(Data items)
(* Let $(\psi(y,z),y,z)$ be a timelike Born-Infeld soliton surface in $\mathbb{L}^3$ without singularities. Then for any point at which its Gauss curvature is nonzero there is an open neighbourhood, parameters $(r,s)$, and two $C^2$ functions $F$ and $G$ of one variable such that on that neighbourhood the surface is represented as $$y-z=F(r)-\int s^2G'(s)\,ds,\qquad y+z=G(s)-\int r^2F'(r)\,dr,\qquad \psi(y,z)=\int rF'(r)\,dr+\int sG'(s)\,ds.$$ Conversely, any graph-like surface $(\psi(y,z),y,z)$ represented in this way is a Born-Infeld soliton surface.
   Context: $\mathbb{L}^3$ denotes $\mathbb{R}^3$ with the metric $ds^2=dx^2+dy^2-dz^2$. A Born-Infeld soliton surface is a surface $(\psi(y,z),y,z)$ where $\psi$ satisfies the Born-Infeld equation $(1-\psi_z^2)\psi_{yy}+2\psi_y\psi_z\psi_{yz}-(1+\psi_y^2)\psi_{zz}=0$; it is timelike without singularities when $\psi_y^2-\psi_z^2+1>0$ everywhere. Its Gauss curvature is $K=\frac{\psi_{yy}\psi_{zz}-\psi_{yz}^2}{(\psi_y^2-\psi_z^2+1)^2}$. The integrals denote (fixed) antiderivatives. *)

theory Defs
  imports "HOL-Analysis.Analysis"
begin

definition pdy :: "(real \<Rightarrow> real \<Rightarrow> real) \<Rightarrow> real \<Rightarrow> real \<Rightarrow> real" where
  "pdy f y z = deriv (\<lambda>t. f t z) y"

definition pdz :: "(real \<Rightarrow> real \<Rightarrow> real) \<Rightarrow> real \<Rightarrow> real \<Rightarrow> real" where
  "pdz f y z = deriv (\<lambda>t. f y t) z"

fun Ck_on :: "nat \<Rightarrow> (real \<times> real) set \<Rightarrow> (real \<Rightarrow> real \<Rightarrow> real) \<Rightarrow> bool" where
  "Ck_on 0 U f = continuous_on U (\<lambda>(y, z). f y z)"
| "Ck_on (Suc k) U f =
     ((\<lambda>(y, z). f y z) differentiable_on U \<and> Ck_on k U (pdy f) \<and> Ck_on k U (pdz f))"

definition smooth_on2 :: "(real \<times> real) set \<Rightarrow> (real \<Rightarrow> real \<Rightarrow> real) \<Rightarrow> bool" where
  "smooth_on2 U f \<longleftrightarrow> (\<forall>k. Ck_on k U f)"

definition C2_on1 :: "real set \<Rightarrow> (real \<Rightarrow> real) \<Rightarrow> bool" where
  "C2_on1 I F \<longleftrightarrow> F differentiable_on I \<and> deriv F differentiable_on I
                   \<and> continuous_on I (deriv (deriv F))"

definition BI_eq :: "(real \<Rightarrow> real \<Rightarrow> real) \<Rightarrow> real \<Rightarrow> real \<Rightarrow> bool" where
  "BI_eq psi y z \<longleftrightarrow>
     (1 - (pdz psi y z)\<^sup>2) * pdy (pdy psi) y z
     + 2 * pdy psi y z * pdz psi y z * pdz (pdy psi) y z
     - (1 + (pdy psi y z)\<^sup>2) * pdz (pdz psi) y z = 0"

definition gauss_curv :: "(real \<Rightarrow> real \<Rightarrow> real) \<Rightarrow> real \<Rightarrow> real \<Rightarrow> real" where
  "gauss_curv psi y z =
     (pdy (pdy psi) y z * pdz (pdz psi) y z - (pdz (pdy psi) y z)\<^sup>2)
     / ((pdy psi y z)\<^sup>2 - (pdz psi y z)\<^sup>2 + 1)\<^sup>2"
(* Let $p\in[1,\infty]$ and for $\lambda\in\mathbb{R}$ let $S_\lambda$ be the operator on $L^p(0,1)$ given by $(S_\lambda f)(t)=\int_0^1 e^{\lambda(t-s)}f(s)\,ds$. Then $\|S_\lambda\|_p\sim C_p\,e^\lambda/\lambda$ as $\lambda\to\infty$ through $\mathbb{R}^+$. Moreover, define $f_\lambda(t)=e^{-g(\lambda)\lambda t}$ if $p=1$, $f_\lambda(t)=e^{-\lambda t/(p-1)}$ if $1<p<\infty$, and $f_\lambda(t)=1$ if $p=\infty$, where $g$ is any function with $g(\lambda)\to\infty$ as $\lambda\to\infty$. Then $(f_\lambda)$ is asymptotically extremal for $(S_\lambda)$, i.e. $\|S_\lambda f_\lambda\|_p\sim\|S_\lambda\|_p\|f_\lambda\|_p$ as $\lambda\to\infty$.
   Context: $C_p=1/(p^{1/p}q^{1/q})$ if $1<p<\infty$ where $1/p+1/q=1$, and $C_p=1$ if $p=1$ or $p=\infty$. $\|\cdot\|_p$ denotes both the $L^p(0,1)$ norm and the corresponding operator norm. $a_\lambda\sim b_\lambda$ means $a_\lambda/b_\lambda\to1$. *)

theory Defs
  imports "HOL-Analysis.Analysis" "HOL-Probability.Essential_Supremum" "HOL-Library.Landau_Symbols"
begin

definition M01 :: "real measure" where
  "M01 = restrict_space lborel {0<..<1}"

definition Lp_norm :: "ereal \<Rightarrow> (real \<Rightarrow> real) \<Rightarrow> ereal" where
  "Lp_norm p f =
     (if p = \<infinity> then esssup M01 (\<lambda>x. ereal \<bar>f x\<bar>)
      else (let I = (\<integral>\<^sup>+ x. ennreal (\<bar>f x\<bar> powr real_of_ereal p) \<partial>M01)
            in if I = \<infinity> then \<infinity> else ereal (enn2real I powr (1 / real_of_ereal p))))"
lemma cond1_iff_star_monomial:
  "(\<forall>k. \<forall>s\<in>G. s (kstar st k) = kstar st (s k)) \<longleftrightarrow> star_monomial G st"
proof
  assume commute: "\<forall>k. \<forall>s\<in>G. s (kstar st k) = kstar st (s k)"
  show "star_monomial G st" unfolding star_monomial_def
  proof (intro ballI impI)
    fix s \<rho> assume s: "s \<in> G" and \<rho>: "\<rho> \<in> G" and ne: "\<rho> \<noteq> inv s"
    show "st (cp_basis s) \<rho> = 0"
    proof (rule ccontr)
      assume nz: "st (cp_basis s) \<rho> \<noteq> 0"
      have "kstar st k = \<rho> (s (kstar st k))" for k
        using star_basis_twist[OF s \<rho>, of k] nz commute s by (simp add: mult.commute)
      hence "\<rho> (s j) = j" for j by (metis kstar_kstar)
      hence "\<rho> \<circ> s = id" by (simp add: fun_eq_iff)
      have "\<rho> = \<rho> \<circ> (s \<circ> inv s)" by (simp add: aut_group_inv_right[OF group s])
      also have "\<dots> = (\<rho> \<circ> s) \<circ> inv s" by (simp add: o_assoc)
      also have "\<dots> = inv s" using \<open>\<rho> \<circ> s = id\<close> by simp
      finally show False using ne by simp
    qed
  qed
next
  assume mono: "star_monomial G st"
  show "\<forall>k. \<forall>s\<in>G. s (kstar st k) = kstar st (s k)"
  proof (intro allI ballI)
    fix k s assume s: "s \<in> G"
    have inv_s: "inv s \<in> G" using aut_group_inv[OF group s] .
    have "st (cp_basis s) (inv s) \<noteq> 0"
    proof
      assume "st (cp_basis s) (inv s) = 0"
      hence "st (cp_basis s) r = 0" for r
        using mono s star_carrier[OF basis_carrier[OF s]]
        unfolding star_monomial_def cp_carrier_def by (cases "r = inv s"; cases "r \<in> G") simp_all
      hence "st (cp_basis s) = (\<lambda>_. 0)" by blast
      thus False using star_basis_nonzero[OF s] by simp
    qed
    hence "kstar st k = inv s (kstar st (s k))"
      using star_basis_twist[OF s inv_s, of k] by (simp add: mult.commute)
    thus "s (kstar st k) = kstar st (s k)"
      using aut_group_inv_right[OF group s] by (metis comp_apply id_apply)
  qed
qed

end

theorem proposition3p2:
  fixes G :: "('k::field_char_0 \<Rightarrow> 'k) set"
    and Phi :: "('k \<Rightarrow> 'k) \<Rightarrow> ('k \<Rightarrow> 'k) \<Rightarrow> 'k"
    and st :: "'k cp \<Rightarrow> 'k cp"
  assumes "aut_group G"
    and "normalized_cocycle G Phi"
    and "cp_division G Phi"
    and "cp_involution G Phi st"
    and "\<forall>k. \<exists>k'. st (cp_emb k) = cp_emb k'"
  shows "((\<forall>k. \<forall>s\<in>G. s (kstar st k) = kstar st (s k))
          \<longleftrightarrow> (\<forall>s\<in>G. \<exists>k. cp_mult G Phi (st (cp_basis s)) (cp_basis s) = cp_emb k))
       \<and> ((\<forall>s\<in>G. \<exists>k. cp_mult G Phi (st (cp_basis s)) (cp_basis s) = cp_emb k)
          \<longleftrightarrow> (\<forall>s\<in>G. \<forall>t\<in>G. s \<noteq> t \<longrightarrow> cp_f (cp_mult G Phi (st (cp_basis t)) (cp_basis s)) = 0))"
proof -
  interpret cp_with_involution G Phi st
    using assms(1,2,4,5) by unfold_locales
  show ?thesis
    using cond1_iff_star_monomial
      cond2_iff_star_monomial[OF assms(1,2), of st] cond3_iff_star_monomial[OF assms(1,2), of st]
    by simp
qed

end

==

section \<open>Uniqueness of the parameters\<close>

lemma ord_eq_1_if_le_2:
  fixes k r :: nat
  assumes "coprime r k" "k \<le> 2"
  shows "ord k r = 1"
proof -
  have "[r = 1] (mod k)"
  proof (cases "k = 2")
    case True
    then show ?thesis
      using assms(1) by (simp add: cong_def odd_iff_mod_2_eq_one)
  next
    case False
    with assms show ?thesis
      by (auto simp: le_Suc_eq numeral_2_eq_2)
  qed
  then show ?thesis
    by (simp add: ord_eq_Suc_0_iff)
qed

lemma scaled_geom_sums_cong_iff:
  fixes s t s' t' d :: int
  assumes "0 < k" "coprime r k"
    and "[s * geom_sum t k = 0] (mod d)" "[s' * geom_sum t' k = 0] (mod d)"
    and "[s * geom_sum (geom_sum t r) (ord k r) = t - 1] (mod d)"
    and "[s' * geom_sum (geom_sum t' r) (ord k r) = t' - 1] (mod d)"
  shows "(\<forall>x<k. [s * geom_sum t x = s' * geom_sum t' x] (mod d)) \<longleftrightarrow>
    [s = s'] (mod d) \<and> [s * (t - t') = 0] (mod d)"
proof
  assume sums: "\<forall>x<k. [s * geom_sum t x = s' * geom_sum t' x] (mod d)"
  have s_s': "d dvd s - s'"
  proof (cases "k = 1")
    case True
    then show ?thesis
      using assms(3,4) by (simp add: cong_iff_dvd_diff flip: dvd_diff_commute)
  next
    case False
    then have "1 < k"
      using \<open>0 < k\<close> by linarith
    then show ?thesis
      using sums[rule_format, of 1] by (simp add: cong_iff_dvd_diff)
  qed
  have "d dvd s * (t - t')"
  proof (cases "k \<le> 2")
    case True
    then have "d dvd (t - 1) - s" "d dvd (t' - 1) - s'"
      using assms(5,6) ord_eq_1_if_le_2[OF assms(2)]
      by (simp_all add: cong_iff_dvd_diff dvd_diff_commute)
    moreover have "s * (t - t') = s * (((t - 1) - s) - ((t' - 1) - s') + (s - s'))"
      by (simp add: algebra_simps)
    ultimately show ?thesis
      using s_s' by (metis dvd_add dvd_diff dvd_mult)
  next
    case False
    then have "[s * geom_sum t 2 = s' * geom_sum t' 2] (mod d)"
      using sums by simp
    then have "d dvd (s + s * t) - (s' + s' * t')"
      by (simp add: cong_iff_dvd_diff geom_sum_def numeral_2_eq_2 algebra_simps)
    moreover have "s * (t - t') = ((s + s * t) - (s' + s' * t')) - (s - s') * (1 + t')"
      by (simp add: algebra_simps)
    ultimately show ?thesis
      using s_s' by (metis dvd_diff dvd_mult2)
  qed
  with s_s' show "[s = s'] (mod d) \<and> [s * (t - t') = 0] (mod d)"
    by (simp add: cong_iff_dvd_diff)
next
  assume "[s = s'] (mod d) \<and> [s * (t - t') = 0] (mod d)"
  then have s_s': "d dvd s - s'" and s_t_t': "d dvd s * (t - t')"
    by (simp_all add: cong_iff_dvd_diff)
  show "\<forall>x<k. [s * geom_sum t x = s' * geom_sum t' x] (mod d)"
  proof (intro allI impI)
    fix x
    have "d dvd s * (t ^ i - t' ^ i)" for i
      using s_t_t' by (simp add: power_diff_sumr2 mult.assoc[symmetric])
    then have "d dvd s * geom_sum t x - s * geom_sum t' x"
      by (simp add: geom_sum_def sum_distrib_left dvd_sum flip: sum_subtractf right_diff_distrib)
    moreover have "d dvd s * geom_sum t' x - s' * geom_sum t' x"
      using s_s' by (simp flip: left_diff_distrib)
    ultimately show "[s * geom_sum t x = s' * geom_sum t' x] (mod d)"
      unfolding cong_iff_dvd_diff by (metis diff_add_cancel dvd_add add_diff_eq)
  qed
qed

==

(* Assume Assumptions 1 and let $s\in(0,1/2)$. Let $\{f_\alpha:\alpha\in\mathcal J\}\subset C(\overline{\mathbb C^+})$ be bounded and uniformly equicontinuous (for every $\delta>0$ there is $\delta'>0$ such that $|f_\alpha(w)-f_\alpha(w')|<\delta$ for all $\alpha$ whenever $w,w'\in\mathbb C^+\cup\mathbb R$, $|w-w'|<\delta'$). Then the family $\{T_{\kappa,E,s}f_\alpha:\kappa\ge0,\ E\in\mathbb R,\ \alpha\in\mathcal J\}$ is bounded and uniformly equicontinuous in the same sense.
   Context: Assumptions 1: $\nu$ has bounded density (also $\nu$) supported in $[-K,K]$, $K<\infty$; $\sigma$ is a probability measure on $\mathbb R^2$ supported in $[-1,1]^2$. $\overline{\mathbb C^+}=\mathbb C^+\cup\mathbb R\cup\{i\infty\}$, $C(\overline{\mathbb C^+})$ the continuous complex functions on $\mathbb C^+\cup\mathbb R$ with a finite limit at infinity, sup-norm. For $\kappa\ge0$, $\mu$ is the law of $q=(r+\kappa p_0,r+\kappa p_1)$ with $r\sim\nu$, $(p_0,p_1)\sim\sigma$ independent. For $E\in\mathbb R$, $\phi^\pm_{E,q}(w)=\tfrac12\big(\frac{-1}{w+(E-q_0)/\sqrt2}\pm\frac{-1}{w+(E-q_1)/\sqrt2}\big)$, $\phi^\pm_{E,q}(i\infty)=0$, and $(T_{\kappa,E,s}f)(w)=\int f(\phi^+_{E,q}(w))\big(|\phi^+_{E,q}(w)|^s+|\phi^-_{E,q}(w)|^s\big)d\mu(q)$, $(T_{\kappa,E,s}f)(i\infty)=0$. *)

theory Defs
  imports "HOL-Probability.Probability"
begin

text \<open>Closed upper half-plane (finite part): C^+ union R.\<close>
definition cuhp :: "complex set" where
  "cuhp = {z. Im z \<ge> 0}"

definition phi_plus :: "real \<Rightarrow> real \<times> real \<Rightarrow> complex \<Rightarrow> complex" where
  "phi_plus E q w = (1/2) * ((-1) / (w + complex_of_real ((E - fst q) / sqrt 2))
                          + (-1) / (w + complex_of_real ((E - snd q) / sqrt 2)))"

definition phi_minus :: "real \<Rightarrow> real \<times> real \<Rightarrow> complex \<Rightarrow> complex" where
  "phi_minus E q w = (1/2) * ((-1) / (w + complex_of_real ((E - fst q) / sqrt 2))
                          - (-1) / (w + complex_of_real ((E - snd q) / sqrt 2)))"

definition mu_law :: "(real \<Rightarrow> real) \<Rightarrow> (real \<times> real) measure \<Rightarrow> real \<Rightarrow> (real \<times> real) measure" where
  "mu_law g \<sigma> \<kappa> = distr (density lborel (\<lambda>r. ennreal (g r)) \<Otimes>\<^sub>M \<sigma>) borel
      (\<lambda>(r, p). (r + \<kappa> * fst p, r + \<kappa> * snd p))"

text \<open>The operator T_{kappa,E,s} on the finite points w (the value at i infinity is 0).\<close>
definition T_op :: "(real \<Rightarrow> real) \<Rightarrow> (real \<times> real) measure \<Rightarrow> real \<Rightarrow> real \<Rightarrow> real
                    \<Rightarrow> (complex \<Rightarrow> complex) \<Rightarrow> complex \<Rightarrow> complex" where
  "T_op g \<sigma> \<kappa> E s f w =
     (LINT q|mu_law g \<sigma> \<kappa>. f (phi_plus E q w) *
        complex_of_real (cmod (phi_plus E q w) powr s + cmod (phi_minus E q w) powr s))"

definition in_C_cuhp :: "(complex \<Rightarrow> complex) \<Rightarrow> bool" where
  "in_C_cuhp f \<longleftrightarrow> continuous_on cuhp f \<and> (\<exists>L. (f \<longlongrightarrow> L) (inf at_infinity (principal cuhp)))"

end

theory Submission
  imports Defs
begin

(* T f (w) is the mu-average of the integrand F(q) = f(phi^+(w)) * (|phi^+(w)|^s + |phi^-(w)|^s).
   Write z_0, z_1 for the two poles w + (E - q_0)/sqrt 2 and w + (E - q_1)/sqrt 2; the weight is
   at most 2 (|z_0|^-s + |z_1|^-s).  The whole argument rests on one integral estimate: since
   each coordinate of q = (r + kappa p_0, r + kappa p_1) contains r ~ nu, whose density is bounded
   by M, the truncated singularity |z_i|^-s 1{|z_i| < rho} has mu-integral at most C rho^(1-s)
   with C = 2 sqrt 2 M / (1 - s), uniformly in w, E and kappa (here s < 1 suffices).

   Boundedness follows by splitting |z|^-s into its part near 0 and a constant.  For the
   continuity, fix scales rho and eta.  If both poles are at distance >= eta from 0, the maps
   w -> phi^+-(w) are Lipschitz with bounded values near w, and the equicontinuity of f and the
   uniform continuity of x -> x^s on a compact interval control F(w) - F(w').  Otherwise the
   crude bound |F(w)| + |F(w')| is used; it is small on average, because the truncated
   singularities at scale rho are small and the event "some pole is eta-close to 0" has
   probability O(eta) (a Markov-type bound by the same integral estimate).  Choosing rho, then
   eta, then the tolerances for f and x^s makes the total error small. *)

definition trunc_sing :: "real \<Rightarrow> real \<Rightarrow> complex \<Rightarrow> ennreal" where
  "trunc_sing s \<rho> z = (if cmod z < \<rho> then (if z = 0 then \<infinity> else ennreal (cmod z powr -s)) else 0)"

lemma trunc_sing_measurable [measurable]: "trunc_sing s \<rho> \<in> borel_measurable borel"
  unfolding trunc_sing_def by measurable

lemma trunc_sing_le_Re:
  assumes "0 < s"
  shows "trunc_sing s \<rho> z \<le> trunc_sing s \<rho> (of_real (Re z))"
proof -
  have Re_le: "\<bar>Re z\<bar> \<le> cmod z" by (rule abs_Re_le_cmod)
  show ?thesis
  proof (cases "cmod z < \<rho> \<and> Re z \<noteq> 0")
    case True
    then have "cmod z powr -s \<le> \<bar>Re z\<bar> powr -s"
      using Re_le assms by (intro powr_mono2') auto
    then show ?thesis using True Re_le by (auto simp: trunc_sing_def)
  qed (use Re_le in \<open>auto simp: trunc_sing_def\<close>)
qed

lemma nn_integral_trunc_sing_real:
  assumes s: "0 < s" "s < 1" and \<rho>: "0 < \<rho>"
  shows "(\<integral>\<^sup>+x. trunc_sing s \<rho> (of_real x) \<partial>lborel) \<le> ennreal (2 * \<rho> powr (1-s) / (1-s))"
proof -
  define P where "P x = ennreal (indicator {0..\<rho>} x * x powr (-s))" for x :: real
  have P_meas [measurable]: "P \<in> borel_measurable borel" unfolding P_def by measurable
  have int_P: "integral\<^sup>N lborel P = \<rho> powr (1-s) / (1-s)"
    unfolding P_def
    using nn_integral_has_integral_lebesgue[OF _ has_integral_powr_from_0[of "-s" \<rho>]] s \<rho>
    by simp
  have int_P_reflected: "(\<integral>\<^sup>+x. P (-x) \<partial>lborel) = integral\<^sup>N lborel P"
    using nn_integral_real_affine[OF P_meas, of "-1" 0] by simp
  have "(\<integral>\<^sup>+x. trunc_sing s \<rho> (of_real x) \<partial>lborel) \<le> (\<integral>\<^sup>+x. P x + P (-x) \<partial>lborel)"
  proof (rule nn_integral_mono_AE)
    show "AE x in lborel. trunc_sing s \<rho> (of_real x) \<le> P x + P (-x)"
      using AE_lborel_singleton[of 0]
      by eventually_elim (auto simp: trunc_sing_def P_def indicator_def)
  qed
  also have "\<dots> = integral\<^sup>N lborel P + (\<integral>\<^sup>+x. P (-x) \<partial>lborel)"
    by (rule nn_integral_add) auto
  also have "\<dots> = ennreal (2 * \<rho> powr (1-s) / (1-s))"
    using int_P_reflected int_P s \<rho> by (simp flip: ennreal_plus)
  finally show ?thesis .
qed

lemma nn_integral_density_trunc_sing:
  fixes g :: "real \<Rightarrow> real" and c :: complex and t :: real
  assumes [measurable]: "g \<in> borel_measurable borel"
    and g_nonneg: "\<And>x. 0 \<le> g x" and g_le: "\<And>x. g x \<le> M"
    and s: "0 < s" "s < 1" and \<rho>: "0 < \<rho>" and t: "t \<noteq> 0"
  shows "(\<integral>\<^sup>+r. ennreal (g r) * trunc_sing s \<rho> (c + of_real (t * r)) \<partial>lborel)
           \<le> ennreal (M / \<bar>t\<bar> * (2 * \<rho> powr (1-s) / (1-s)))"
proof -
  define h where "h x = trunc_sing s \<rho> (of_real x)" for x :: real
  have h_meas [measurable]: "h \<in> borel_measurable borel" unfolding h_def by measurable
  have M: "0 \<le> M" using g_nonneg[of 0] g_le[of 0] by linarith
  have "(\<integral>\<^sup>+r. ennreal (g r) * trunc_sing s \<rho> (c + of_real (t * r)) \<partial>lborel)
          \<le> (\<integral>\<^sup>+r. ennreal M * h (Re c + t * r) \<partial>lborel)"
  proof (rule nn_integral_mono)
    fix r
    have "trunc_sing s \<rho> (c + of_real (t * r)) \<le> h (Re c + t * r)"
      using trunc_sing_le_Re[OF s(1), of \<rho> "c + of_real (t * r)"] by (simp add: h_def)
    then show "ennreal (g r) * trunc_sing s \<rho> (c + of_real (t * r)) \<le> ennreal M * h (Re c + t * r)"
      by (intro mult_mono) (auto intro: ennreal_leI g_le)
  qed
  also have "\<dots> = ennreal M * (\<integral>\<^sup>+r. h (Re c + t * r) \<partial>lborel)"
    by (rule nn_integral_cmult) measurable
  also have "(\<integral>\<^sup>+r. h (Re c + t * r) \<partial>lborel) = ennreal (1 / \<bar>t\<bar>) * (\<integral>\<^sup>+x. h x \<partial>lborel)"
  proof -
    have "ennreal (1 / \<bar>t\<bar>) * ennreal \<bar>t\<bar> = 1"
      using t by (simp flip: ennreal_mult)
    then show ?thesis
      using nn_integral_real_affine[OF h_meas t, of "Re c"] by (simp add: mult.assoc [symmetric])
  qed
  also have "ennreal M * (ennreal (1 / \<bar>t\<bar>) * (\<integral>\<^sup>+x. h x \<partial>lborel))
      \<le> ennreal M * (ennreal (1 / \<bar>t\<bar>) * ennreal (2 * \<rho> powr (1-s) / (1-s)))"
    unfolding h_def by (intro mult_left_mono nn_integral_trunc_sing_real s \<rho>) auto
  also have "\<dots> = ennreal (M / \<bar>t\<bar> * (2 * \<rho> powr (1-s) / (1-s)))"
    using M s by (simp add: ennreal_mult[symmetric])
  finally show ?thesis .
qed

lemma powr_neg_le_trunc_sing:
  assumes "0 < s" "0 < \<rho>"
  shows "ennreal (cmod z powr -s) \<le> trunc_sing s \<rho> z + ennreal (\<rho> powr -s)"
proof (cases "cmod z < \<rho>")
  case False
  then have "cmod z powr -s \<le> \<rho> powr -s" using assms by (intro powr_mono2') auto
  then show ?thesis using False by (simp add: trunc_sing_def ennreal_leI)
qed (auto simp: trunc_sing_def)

Problem to work on: Starting at the line that contains "using star_basis_twist[OF s \<rho>, of" and stopping after the line that contains "unfolding star_monomial_def cp_carrier_def", write out every line exactly as it appears above, and no other line.

Exercise solution:
        using star_basis_twist[OF s \<rho>, of k] nz commute s by (simp add: mult.commute)
      hence "\<rho> (s j) = j" for j by (metis kstar_kstar)
      hence "\<rho> \<circ> s = id" by (simp add: fun_eq_iff)
      have "\<rho> = \<rho> \<circ> (s \<circ> inv s)" by (simp add: aut_group_inv_right[OF group s])
      also have "\<dots> = (\<rho> \<circ> s) \<circ> inv s" by (simp add: o_assoc)
      also have "\<dots> = inv s" using \<open>\<rho> \<circ> s = id\<close> by simp
      finally show False using ne by simp
    qed
  qed
next
  assume mono: "star_monomial G st"
  show "\<forall>k. \<forall>s\<in>G. s (kstar st k) = kstar st (s k)"
  proof (intro allI ballI)
    fix k s assume s: "s \<in> G"
    have inv_s: "inv s \<in> G" using aut_group_inv[OF group s] .
    have "st (cp_basis s) (inv s) \<noteq> 0"
    proof
      assume "st (cp_basis s) (inv s) = 0"
      hence "st (cp_basis s) r = 0" for r
        using mono s star_carrier[OF basis_carrier[OF s]]
        unfolding star_monomial_def cp_carrier_def by (cases "r = inv s"; cases "r \<in> G") simp_all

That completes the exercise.